Tuesday, October 30, 2018

Two terrifying short stories

Both of these are from The Weird: A Compendium of Strange and Dark Stories.

Title: The Autopsy
Author: Michael Shea

Waiting behind him, Dr. Winters heard the river again - a cold balm, a whisper of freedom - and overlying this, the stutter and soft snarl of the generator behind the building, a gnawing, remorseless sound that somehow fed the obscure anguish that the other soothed.
This is one of the most chilling stories I've ever read.

The main character, Dr. Winters, is called on to act as a coroner for a small, rural town where a blast in a mine has resulted in multiple deaths. The explosion wasn't an accident.

The investigation is one of the last that Winters will participate in, because he is dying of cancer. The image of abnormal cells destroying healthy tissue and taking over the body hints at something else that Winters will experience before the story ends. (Winters, in a wry way, sometimes talks to his cancer, as if it's an entity with some degree of awareness.)

Among the chilling details are the visceral descriptions of an autopsy. Winters is sinking his hands into the aftermath of violent death. The language is elegant as it describes inelegant things. Winters' interactions with the bodies he examines also sets the stage for what he will experience by the time the story ends.

This story wouldn't have been worth reading if it was all about mindless gore. As awful and vivid as the physical details are, the atmosphere of psychological horror – the entrapment, helplessness, aloneness, and torture – is what lingers.

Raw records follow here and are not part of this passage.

lemma Hop_funpow_approx_eigen:
  assumes "\<And>x. \<bar>Hop g x - 2 * g x\<bar> \<le> E"
  shows "\<bar>(Hop ^^ n) g x - 2 ^ n * g x\<bar> \<le> E * 5 ^ n"
proof (induction n arbitrary: x)
  case 0
  show ?case using assms[of x] by simp
next
  case (Suc n)
  define e where "e y = (Hop ^^ n) g y - 2 ^ n * g y" for y
  have e: "\<bar>e y\<bar> \<le> E * 5 ^ n" for y using Suc by (simp add: e_def)
  have "\<bar>2 ^ n * (Hop g x - 2 * g x)\<bar> \<le> 5 ^ n * E"
    using assms[of x] power_mono[of "2::real" 5 n]
    by (simp add: abs_mult mult_mono')
  moreover have "(Hop ^^ Suc n) g x - 2 ^ Suc n * g x =
      (2 * e x - e (x - 1) - e (x + 1)) + 2 ^ n * (Hop g x - 2 * g x)"
    by (simp add: e_def Hop_def algebra_simps)
  ultimately have "\<bar>(Hop ^^ Suc n) g x - 2 ^ Suc n * g x\<bar> \<le> 5 * (E * 5 ^ n)"
    using e[of x] e[of "x - 1"] e[of "x + 1"] by (simp only: abs_le_iff mult.commute) linarith
  then show ?case by simp
qed

lemma exp_sums_real: "(\<lambda>n. x ^ n / fact n) sums exp (x::real)"
  using exp_converges[of x] by (simp add: divide_inverse mult.commute)

lemma abs_suminf_le_exp:
  fixes a :: "nat \<Rightarrow> real"
  assumes "\<And>n. \<bar>a n\<bar> \<le> C * (z ^ n / fact n)"
  shows "summable a" and "\<bar>suminf a\<bar> \<le> C * exp z"
proof -
  have exp: "(\<lambda>n. C * (z ^ n / fact n)) sums (C * exp z)"
    by (rule sums_mult[OF exp_sums_real])
  have abs: "summable (\<lambda>n. \<bar>a n\<bar>)"
    by (rule summable_comparison_test[OF _ sums_summable[OF exp]]) (use assms in auto)
  then show "summable a" by (rule summable_rabs_cancel)
  have "\<bar>suminf a\<bar> \<le> (\<Sum>n. \<bar>a n\<bar>)" by (rule summable_rabs[OF abs])
  also have "\<dots> \<le> C * exp z"
    using suminf_le[OF assms abs sums_summable[OF exp]] sums_unique[OF exp] by simp
  finally show "\<bar>suminf a\<bar> \<le> C * exp z" .
qed

lemma S_summable_abs_le:
  assumes "\<And>y. \<bar>h y\<bar> \<le> B"
  shows "summable (\<lambda>n. (-s) ^ n / fact n * (Hop ^^ n) h x)"
    and "\<bar>S s h x\<bar> \<le> B * exp (4 * \<bar>s\<bar>)"
proof -
  have "\<bar>(-s) ^ n / fact n * (Hop ^^ n) h x\<bar> \<le> B * ((4 * \<bar>s\<bar>) ^ n / fact n)" for n
  proof -
    have "\<bar>(-s) ^ n / fact n * (Hop ^^ n) h x\<bar> = \<bar>s\<bar> ^ n / fact n * \<bar>(Hop ^^ n) h x\<bar>"
      by (simp add: abs_mult power_abs)
    also have "\<dots> \<le> \<bar>s\<bar> ^ n / fact n * (4 ^ n * B)"
      by (rule mult_left_mono[OF Hop_funpow_abs_le[OF assms]]) simp
    also have "\<dots> = B * ((4 * \<bar>s\<bar>) ^ n / fact n)" by (simp add: power_mult_distrib)
    finally show ?thesis .
  qed
  from abs_suminf_le_exp[OF this]
  show "summable (\<lambda>n. (-s) ^ n / fact n * (Hop ^^ n) h x)" "\<bar>S s h x\<bar> \<le> B * exp (4 * \<bar>s\<bar>)"
    by (simp_all add: S_def)
qed

lemma sum_mult_S_eq_suminf:
  fixes g h :: "int \<Rightarrow> real"
  assumes h: "\<And>y. \<bar>h y\<bar> \<le> B" and g: "\<And>y. M < \<bar>y\<bar> \<Longrightarrow> g y = 0"
  shows "(\<Sum>x\<in>{-M..M}. g x * S s h x) =
    (\<Sum>n. (-s) ^ n / fact n * (\<Sum>y\<in>{-(M + int n)..M + int n}. (Hop ^^ n) g y * h y))"
proof -
  note summable = S_summable_abs_le(1)[OF h]
  have "(\<Sum>x\<in>{-M..M}. g x * S s h x) =
      (\<Sum>x\<in>{-M..M}. \<Sum>n. g x * ((-s) ^ n / fact n * (Hop ^^ n) h x))"
    unfolding S_def by (intro sum.cong refl suminf_mult[symmetric] summable)
  also have "\<dots> = (\<Sum>n. \<Sum>x\<in>{-M..M}. g x * ((-s) ^ n / fact n * (Hop ^^ n) h x))"
    by (rule suminf_sum[symmetric]) (intro summable_mult summable)
  also have "\<dots> = (\<Sum>n. (-s) ^ n / fact n * (\<Sum>y\<in>{-(M + int n)..M + int n}. (Hop ^^ n) g y * h y))"
  proof (rule suminf_cong)
    fix n
    have "(\<Sum>x\<in>{-M..M}. g x * ((-s) ^ n / fact n * (Hop ^^ n) h x)) =
        (-s) ^ n / fact n * (\<Sum>x\<in>{-M..M}. g x * (Hop ^^ n) h x)"
      by (simp add: sum_distrib_left algebra_simps)
    also have "(\<Sum>x\<in>{-M..M}. g x * (Hop ^^ n) h x) =
        (\<Sum>x\<in>{-(M + int n)..M + int n}. g x * (Hop ^^ n) h x)"
      by (rule sum.mono_neutral_left) (auto simp: g)
    also have "\<dots> = (\<Sum>y\<in>{-(M + int n)..M + int n}. (Hop ^^ n) g y * h y)"
      by (rule sum_mult_Hop_funpow_swap) (auto simp: g)
    finally show "(\<Sum>x\<in>{-M..M}. g x * ((-s) ^ n / fact n * (Hop ^^ n) h x)) =
        (-s) ^ n / fact n * (\<Sum>y\<in>{-(M + int n)..M + int n}. (Hop ^^ n) g y * h y)" .
  qed
  finally show ?thesis .
qed

section \<open>Square-summable functions\<close>

lemma l2norm_nonneg: "0 \<le> l2norm f"
  unfolding l2norm_def using infsum_nonneg[of UNIV "\<lambda>x. (f x)\<^sup>2"] by simp

lemma sum_power2_le_l2norm:
  assumes "f \<in> l2" and "finite A"
  shows "(\<Sum>y\<in>A. (f y)\<^sup>2) \<le> (l2norm f)\<^sup>2"
proof -
  have "(\<Sum>y\<in>A. (f y)\<^sup>2) = infsum (\<lambda>x. (f x)\<^sup>2) A" using assms(2) by simp
  also have "\<dots> \<le> infsum (\<lambda>x. (f x)\<^sup>2) UNIV"
    by (rule infsum_mono_neutral) (use assms in \<open>auto simp: l2_def\<close>)
  also have "\<dots> = (l2norm f)\<^sup>2"
    unfolding l2norm_def using infsum_nonneg[of UNIV "\<lambda>x. (f x)\<^sup>2"] by simp
  finally show ?thesis .
qed

lemma abs_le_l2norm:
  assumes "f \<in> l2"
  shows "\<bar>f y\<bar> \<le> l2norm f"
proof -
  have "(f y)\<^sup>2 \<le> (l2norm f)\<^sup>2" using sum_power2_le_l2norm[OF assms, of "{y}"] by simp
  then show ?thesis using power2_le_imp_le[of "\<bar>f y\<bar>" "l2norm f"] l2norm_nonneg[of f] by simp
qed

lemma sum_abs_le_sqrt_card_l2norm:
  assumes "f \<in> l2" and "finite A"
  shows "(\<Sum>y\<in>A. \<bar>f y\<bar>) \<le> sqrt (card A) * l2norm f"
proof -
  have L2: "L2_set f A \<le> l2norm f"
    unfolding L2_set_def using sum_power2_le_l2norm[OF assms] l2norm_nonneg[of f]
    by (simp add: real_le_lsqrt)
  have "(\<Sum>y\<in>A. \<bar>f y\<bar>) \<le> L2_set (\<lambda>_. 1) A * L2_set f A"
    using L2_set_mult_ineq[where f="\<lambda>_. 1" and g=f and A=A] by simp
  also have "\<dots> \<le> sqrt (card A) * l2norm f"
    using L2 by (simp add: L2_set_constant mult_left_mono)
  finally show ?thesis .
qed

lemma indicator_singleton_l2: "(indicator {a} :: int \<Rightarrow> real) \<in> l2"
  and l2norm_indicator_singleton: "l2norm (indicator {a} :: int \<Rightarrow> real) = 1"
proof -
  have sum: "((\<lambda>x. (indicator {a} x :: real)\<^sup>2) has_sum 1) UNIV"
    by (rule has_sum_finite_neutralI[where B="{a}"]) auto
  then show "(indicator {a} :: int \<Rightarrow> real) \<in> l2"
    unfolding l2_def summable_on_def by blast
  show "l2norm (indicator {a} :: int \<Rightarrow> real) = 1"
    unfolding l2norm_def using infsumI[OF sum] by simp
qed

section \<open>Test functions\<close>

definition odd_alternating :: "int \<Rightarrow> real" where
  "odd_alternating x = (if x mod 4 = 1 then 1 else if x mod 4 = 3 then -1 else 0)"

definition test_fn :: "nat \<Rightarrow> int \<Rightarrow> real" where
  "test_fn N x = odd_alternating x * max 0 (real N - \<bar>real_of_int x\<bar>)"

lemma test_fn_support: "int N < \<bar>x\<bar> \<Longrightarrow> test_fn N x = 0"
  by (simp add: test_fn_def)

lemma test_fn_even: "even x \<Longrightarrow> test_fn N x = 0"
proof -
  assume "even x"
  then have "x mod 4 \<noteq> 1 \<and> x mod 4 \<noteq> 3" by presburger
  then show ?thesis by (simp add: test_fn_def odd_alternating_def)
qed

lemma test_fn_one: "1 \<le> N \<Longrightarrow> test_fn N 1 = real N - 1"
  by (simp add: test_fn_def odd_alternating_def)

lemma Hop_test_fn_approx_eigen: "\<bar>Hop (test_fn N) x - 2 * test_fn N x\<bar> \<le> 2"
proof (cases "even x")
  case False
  then show ?thesis by (simp add: Hop_def test_fn_even)
next
  case True
  let ?tent = "\<lambda>y::int. max 0 (real N - \<bar>real_of_int y\<bar>)"
  have "(x - 1) mod 4 = 1 \<and> (x + 1) mod 4 = 3 \<or> (x - 1) mod 4 = 3 \<and> (x + 1) mod 4 = 1"
    using True by presburger
  then have sign: "odd_alternating (x - 1) = - odd_alternating (x + 1)"
    and unit: "\<bar>odd_alternating (x + 1)\<bar> = 1"
    by (auto simp: odd_alternating_def)
  have "Hop (test_fn N) x - 2 * test_fn N x =
      - odd_alternating (x + 1) * (?tent (x + 1) - ?tent (x - 1))"
    using sign True test_fn_even[of x N] by (simp add: Hop_def test_fn_def algebra_simps)
  also have "\<bar>\<dots>\<bar> \<le> 2"
    unfolding abs_mult abs_minus_cancel unit by (simp add: abs_if max_def)
  finally show ?thesis .
qed

lemma Hop_funpow_test_fn_approx:
  "\<bar>(Hop ^^ n) (test_fn N) x - 2 ^ n * test_fn N x\<bar> \<le> 2 * 5 ^ n"
  using Hop_funpow_approx_eigen[OF Hop_test_fn_approx_eigen] by (simp add: mult.commute)

lemma sum_test_fn_S_indicator_ge:
  assumes N: "1 \<le> N" and T: "0 \<le> T"
  shows "(real N - 1) * exp (-2 * T) - 2 * exp (5 * T) \<le>
    (\<Sum>x\<in>{-int N..int N}. test_fn N x * S T (indicator {1}) x)"
proof -
  define e where "e n = (Hop ^^ n) (test_fn N) 1 - 2 ^ n * test_fn N 1" for n
  have "(\<Sum>y\<in>{-(int N + int n)..int N + int n}. (Hop ^^ n) (test_fn N) y * indicator {1} y) =
      (Hop ^^ n) (test_fn N) 1" for n
    using N by (simp add: indicator_def if_distrib sum.delta cong: if_cong)
  then have "(\<Sum>x\<in>{-int N..int N}. test_fn N x * S T (indicator {1}) x) =
      (\<Sum>n. (-T) ^ n / fact n * (2 ^ n * test_fn N 1) + (-T) ^ n / fact n * e n)"
    using sum_mult_S_eq_suminf[of "indicator {1}" 1 "int N" "test_fn N" T]
    by (simp add: test_fn_support e_def algebra_simps)
  moreover have main:
    "(\<lambda>n. (-T) ^ n / fact n * (2 ^ n * test_fn N 1)) sums ((real N - 1) * exp (-2 * T))"
  proof -
    have "(-T) ^ n / fact n * (2 ^ n * test_fn N 1) = (real N - 1) * ((-2 * T) ^ n / fact n)" for n
    proof -
      have "(-2 * T) ^ n = 2 ^ n * (-T) ^ n"
        by (metis mult_minus_left mult_minus_right power_mult_distrib)
      then show ?thesis by (simp add: test_fn_one[OF N])
    qed
    then show ?thesis using sums_mult[OF exp_sums_real, of "real N - 1"] by simp
  qed
  moreover have "\<bar>(-T) ^ n / fact n * e n\<bar> \<le> 2 * ((5 * T) ^ n / fact n)" for n
  proof -
    have "\<bar>(-T) ^ n / fact n * e n\<bar> = T ^ n / fact n * \<bar>e n\<bar>"
      using T by (simp add: abs_mult power_abs)
    also have "\<dots> \<le> T ^ n / fact n * (2 * 5 ^ n)"
      using Hop_funpow_test_fn_approx[of n N 1] T
      by (intro mult_left_mono) (auto simp: e_def)
    also have "\<dots> = 2 * ((5 * T) ^ n / fact n)" by (simp add: power_mult_distrib)
    finally show ?thesis .
  qed
  note error = abs_suminf_le_exp[OF this]
  ultimately show ?thesis
    using suminf_add[OF sums_summable[OF main] error(1)] sums_unique[OF main] error(2)
    by (simp add: abs_le_iff)
qed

Also, the story is excellent in how it uses the setting to enhance the horror: Winters, alone among the bodies in a small examination office ("... the generator's growl, and the silence of the dead, resurgent now").

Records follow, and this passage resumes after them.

lemma prob_exceedance_union_bounds:
  assumes "1 < t"
  shows "real ns / t - (\<Sum>i\<in>{1..ns}. \<Sum>j\<in>{1..ns}-{i}. prob (exceedance i t \<inter> exceedance j t))
      \<le> prob (\<Union>j\<in>{1..ns}. exceedance j t)"
    and "prob (\<Union>j\<in>{1..ns}. exceedance j t) \<le> real ns / t"
proof -
  have sum: "(\<Sum>j\<in>{1..ns}. prob (exceedance j t)) = real ns / t"
    using X_tail_quantile assms by (simp add: exceedance_def)
  from prob_UN_Bonferroni[of "{1..ns}" "\<lambda>j. exceedance j t"]
  show "real ns / t - (\<Sum>i\<in>{1..ns}. \<Sum>j\<in>{1..ns}-{i}. prob (exceedance i t \<inter> exceedance j t))
      \<le> prob (\<Union>j\<in>{1..ns}. exceedance j t)"
    unfolding sum by simp
  have "(\<lambda>j. exceedance j t) ` {1..ns} \<subseteq> events"
    using exceedance_events by blast
  from finite_measure_subadditive_finite[OF _ this]
  show "prob (\<Union>j\<in>{1..ns}. exceedance j t) \<le> real ns / t"
    unfolding sum by simp
qed

lemma extremal_coefficient:
  "((\<lambda>t. t * (1 - joint_cdf M X ns (\<lambda>j. quantile j t))) \<longlongrightarrow> real ns) at_top"
proof -
  let ?pairs = "\<lambda>t. \<Sum>i\<in>{1..ns}. \<Sum>j\<in>{1..ns}-{i}. t * prob (exceedance i t \<inter> exceedance j t)"
  have "(?pairs \<longlongrightarrow> (\<Sum>i\<in>{1..ns}. \<Sum>j\<in>{1..ns}-{i}. 0)) at_top"
  proof (intro tendsto_sum)
    fix i j assume "i \<in> {1..ns}" "j \<in> {1..ns} - {i}"
    then show "((\<lambda>t. t * prob (exceedance i t \<inter> exceedance j t)) \<longlongrightarrow> 0) at_top"
      unfolding exceedance_Int by (intro joint_exceedance_quantile_tendsto) auto
  qed
  from tendsto_diff[OF tendsto_const this]
  have lim: "((\<lambda>t. real ns - ?pairs t) \<longlongrightarrow> real ns) at_top"
    by simp
  have lower: "eventually (\<lambda>t. real ns - ?pairs t \<le> t * prob (\<Union>j\<in>{1..ns}. exceedance j t)) at_top"
    using eventually_gt_at_top[of 1]
  proof eventually_elim
    case (elim t)
    then show ?case
      using mult_left_mono[OF prob_exceedance_union_bounds(1)[OF elim], of t]
      by (simp add: sum_distrib_left right_diff_distrib)
  qed
  have upper: "eventually (\<lambda>t. t * prob (\<Union>j\<in>{1..ns}. exceedance j t) \<le> real ns) at_top"
    using eventually_gt_at_top[of 1]
  proof eventually_elim
    case (elim t)
    then show ?case
      using prob_exceedance_union_bounds(2)[OF elim] by (simp add: field_simps)
  qed
  show ?thesis
    unfolding joint_cdf_quantile by (rule tendsto_sandwich[OF lower upper lim tendsto_const])
qed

It's also worth noting that the victims get a chance at the end to make a final spasm of effort to defeat the evil entity that has no pity for their poor flesh and for their minds and spirits.


Title: The Willows
Author: Algernon Blackwood

There's fantastic atmosphere in this story, where the Danube becomes a character with playful moments, evasiveness, pride, and force.
We knew all its sounds and voices, its tumblings and foamings, its unnecessary splashing against the bridges; that self-conscious chatter when there were hills to look on; the affected dignity of its speech when it passed through the little towns, far too important to laugh; and all these faint, sweet whisperings when the sun caught it fairly in some slow curve and poured down upon it till the steam rose.
The story unfolds in a part of the river where the water spreads into many channels, swamp-like. This area is covered in willow bushes, which also become a character in the story. The willow bushes rustle into various shapes.
For the wind sends waves rising and falling over the whole surface, waves of leaves instead of waves of water, green swells like the sea, too, until the branches turn and lift, and then silvery white as their under-side turns to the sun.
The humans in this story, two friends on a canoeing trip, are caught up in this landscape, where the human-like qualities of the water and willow bushes begin to become otherworldly and suggestive of sinister forces. The horror slowly permeates the landscape and the minds of these travelers, who find themselves facing life-threatening events that they can't explain.
An explanation of some kind was an absolute necessity, just as some working explanation of the universe is necessary - however absurd - to the happiness of every individual who seeks to do his duty in the world and face the problems of life.